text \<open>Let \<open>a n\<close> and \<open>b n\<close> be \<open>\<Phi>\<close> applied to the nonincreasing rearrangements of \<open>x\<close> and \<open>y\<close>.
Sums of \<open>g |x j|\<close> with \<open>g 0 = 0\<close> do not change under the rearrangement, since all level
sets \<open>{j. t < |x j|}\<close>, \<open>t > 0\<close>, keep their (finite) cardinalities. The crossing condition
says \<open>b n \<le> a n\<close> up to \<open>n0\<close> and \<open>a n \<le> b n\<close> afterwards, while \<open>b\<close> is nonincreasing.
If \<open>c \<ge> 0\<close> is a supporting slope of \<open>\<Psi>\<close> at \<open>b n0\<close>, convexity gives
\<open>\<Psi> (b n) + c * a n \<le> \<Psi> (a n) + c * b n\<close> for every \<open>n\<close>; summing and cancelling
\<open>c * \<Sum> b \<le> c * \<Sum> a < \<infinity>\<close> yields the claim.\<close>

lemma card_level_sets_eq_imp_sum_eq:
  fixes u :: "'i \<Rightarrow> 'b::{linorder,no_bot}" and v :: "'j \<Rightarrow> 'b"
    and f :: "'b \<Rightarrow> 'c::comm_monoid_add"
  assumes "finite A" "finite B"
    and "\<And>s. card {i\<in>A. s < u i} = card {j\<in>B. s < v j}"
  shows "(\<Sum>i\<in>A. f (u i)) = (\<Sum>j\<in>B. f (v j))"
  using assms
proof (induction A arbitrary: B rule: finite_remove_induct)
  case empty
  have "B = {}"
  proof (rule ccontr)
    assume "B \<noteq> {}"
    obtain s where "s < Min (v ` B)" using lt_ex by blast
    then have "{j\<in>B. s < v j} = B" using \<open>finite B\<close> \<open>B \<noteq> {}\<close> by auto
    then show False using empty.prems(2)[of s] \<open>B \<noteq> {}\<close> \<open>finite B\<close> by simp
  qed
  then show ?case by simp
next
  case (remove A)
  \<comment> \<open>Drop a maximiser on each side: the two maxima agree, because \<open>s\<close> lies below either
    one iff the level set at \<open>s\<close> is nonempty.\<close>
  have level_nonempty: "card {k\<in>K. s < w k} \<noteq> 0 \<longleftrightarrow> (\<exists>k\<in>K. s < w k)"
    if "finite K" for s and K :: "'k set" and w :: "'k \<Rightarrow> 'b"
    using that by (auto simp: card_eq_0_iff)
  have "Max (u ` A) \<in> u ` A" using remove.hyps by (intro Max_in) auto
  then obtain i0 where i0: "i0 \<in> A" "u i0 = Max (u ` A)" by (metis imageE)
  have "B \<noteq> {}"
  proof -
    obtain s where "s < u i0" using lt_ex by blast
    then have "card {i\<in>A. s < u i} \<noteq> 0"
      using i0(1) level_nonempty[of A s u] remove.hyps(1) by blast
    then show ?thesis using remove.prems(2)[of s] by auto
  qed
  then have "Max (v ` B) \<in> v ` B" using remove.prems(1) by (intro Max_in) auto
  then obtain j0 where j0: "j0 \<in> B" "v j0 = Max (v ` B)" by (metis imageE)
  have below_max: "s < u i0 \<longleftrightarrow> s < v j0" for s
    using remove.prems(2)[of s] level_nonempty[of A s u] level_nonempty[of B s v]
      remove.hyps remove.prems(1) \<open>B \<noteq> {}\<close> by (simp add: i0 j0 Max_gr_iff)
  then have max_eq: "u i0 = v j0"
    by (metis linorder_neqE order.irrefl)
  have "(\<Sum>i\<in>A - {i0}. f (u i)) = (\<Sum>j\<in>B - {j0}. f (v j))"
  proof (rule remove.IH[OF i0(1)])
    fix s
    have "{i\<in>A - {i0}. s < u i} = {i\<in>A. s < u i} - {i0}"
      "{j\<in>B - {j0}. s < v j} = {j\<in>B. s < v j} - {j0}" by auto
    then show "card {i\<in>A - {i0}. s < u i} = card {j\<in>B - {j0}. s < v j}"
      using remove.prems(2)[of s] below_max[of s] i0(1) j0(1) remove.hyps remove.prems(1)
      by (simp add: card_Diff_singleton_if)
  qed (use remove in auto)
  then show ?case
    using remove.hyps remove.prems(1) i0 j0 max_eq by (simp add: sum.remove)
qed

-----

» **What to produce**: Extract every line from the one with "by (simp add: card_Diff_singleton_if)" down to the final line above, both included, exactly as written.

» **Result of the task**:
      by (simp add: card_Diff_singleton_if)
  qed (use remove in auto)
  then show ?case
    using remove.hyps remove.prems(1) i0 j0 max_eq by (simp add: sum.remove)
qed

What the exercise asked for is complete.